Ward also had some riders carry a dressage whip instead of a short jumping bat.
“I like a dressage whip in this situation because a lot of times you don’t want to take your hand off the reins with one that’s really nervous at the water,” Ward said.
On the way up to the fence Ward told riders not to be pulling on their horses too much.
“I think some of you got in trouble the first time because you were doing these half halts and trying to do everything for him. Are you carrying the horse or is he carrying you?” Ward asked. “He’s carrying you, so you have to let the horse gallop along and only balance when you need it. You can’t just be pulling and kicking.
“Very rarely do I come out of the ring winded, and that’s not because I’m fitter than other people,” Ward continued. “It’s because I let the horse do the work. I’m just a guy. I’m kind of just controlling a runaway missile—you have to let the horse go and make adjustments as you need. That first time around you were trying to ride every stride and do something different every stride.
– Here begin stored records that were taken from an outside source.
lemma symbol_class_mult:
  fixes f g :: "(real^'n) \<times> (real^'n) \<Rightarrow> 'b::real_normed_algebra"
  assumes f: "symbol_class U k f" and g: "symbol_class U k' g"
  shows "symbol_class U (k + k') (\<lambda>w. f w * g w)"
proof (rule symbol_classI)
  note sf = symbol_class_smooth[OF f] and sg = symbol_class_smooth[OF g]
  show "smooth_on (U \<times> UNIV) (\<lambda>w. f w * g w)" by (rule smooth_on_mult[OF open_cotangent sf sg])
  fix K and ds :: "((real^'n) \<times> (real^'n)) list"
  assume K: "compact K" "K \<subseteq> U" and ds: "set ds \<subseteq> coord_dirs"
  obtain Cf where Cf: "\<And>ds x \<xi>. set ds \<subseteq> coord_dirs \<Longrightarrow> x \<in> K \<Longrightarrow>
      norm (iter_deriv ds f (x, \<xi>)) \<le> Cf ds * jbr \<xi> powr (real k - real (xi_count ds))"
    using symbol_classE[OF f K] by metis
  obtain Cg where Cg: "\<And>ds x \<xi>. set ds \<subseteq> coord_dirs \<Longrightarrow> x \<in> K \<Longrightarrow>
      norm (iter_deriv ds g (x, \<xi>)) \<le> Cg ds * jbr \<xi> powr (real k' - real (xi_count ds))"
    using symbol_classE[OF g K] by metis
  have "norm (iter_deriv ds (\<lambda>w. f w * g w) (x, \<xi>)) \<le>
      (\<Sum>(a, b)\<leftarrow>splits ds. Cf a * Cg b) * jbr \<xi> powr (real (k + k') - real (xi_count ds))"
    if x: "x \<in> K" for x \<xi>
  proof -
    define J where "J = jbr \<xi> powr (real (k + k') - real (xi_count ds))"
    have "(x, \<xi>) \<in> U \<times> UNIV" using x K by auto
    then have "iter_deriv ds (\<lambda>w. f w * g w) (x, \<xi>) =
        (\<Sum>(a, b)\<leftarrow>splits ds. iter_deriv a f (x, \<xi>) * iter_deriv b g (x, \<xi>))"
      by (intro iter_deriv_mult[OF open_cotangent] smooth_on_imp_differentiable_on sf sg)
    also have "norm \<dots> \<le> (\<Sum>(a, b)\<leftarrow>splits ds. Cf a * Cg b * J)"
    proof (rule norm_sum_list_le, clarify)
      fix a b assume ab: "(a, b) \<in> set (splits ds)"
      have abD: "set a \<subseteq> coord_dirs" "set b \<subseteq> coord_dirs"
        using splits_props(2,3)[OF ab] ds by auto
      have "norm (iter_deriv a f (x, \<xi>) * iter_deriv b g (x, \<xi>)) \<le>
          norm (iter_deriv a f (x, \<xi>)) * norm (iter_deriv b g (x, \<xi>))"
        by (rule norm_mult_ineq)
      also have "\<dots> \<le> (Cf a * jbr \<xi> powr (real k - real (xi_count a))) *
          (Cg b * jbr \<xi> powr (real k' - real (xi_count b)))"
        using Cf[OF abD(1) x, of \<xi>] Cg[OF abD(2) x, of \<xi>]
        by (intro mult_mono) (auto intro: order_trans[OF norm_ge_zero])
      also have "\<dots> = Cf a * Cg b * J"
      proof -
        have "(real k - real (xi_count a)) + (real k' - real (xi_count b)) =
            real (k + k') - real (xi_count ds)"
          using xi_count_splits[OF ab] by linarith
        then show ?thesis by (simp add: J_def powr_add[symmetric] algebra_simps)
      qed
      finally show "norm (iter_deriv a f (x, \<xi>) * iter_deriv b g (x, \<xi>)) \<le> Cf a * Cg b * J" .
    qed
    also have "\<dots> = (\<Sum>(a, b)\<leftarrow>splits ds. Cf a * Cg b) * J"
      using sum_list_mult_const[of "\<lambda>(a, b). Cf a * Cg b" J "splits ds"]
      by (simp add: case_prod_beta')
    finally show ?thesis unfolding J_def .
  qed
  then show "\<exists>C. \<forall>x\<in>K. \<forall>\<xi>. norm (iter_deriv ds (\<lambda>w. f w * g w) (x, \<xi>)) \<le>
      C * jbr \<xi> powr (real (k + k') - real (xi_count ds))"
    by blast
qed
Instead, let him gallop along.”
Once the rider has locked on to the distance at the fence Ward instructed them to hunker down and prepare for lift-off.
“The last couple strides, close the lower leg, sit in the saddle and ride them up into your hand,” Ward said.
Ward also cautioned riders to be disciplined in their own body position when addressing a spooky fence.
“You don’t need to worry about going forward in this exercise—stay behind the horse. If anything sit down and get left,” Ward said.
Half the problem with the particular fence riders in the clinic were having issues with is its foreignness in the modern competition life of a show jumping rider.
“You know these natural fences, so few people have experience with this anymore, starting with my generation and moving on to yours—everyone has so little experience with them they try to ride it like it’s just a crossrail,” Ward said. “You have to stay back and behind the horse and keep their head up. You have to be defensive, and it’s regulated defensive riding—you change as your horse changes—but you’re defensive.”
Last but not least, Ward offered riders and auditors alike some words of encouragement at the end of his extra session.
“You have to walk away from this experience knowing you were all able to conquer this water. It didn’t beat you,” Ward said. “Take these skills about how to deal with a problem like this and apply it to your training and then your competition riding.”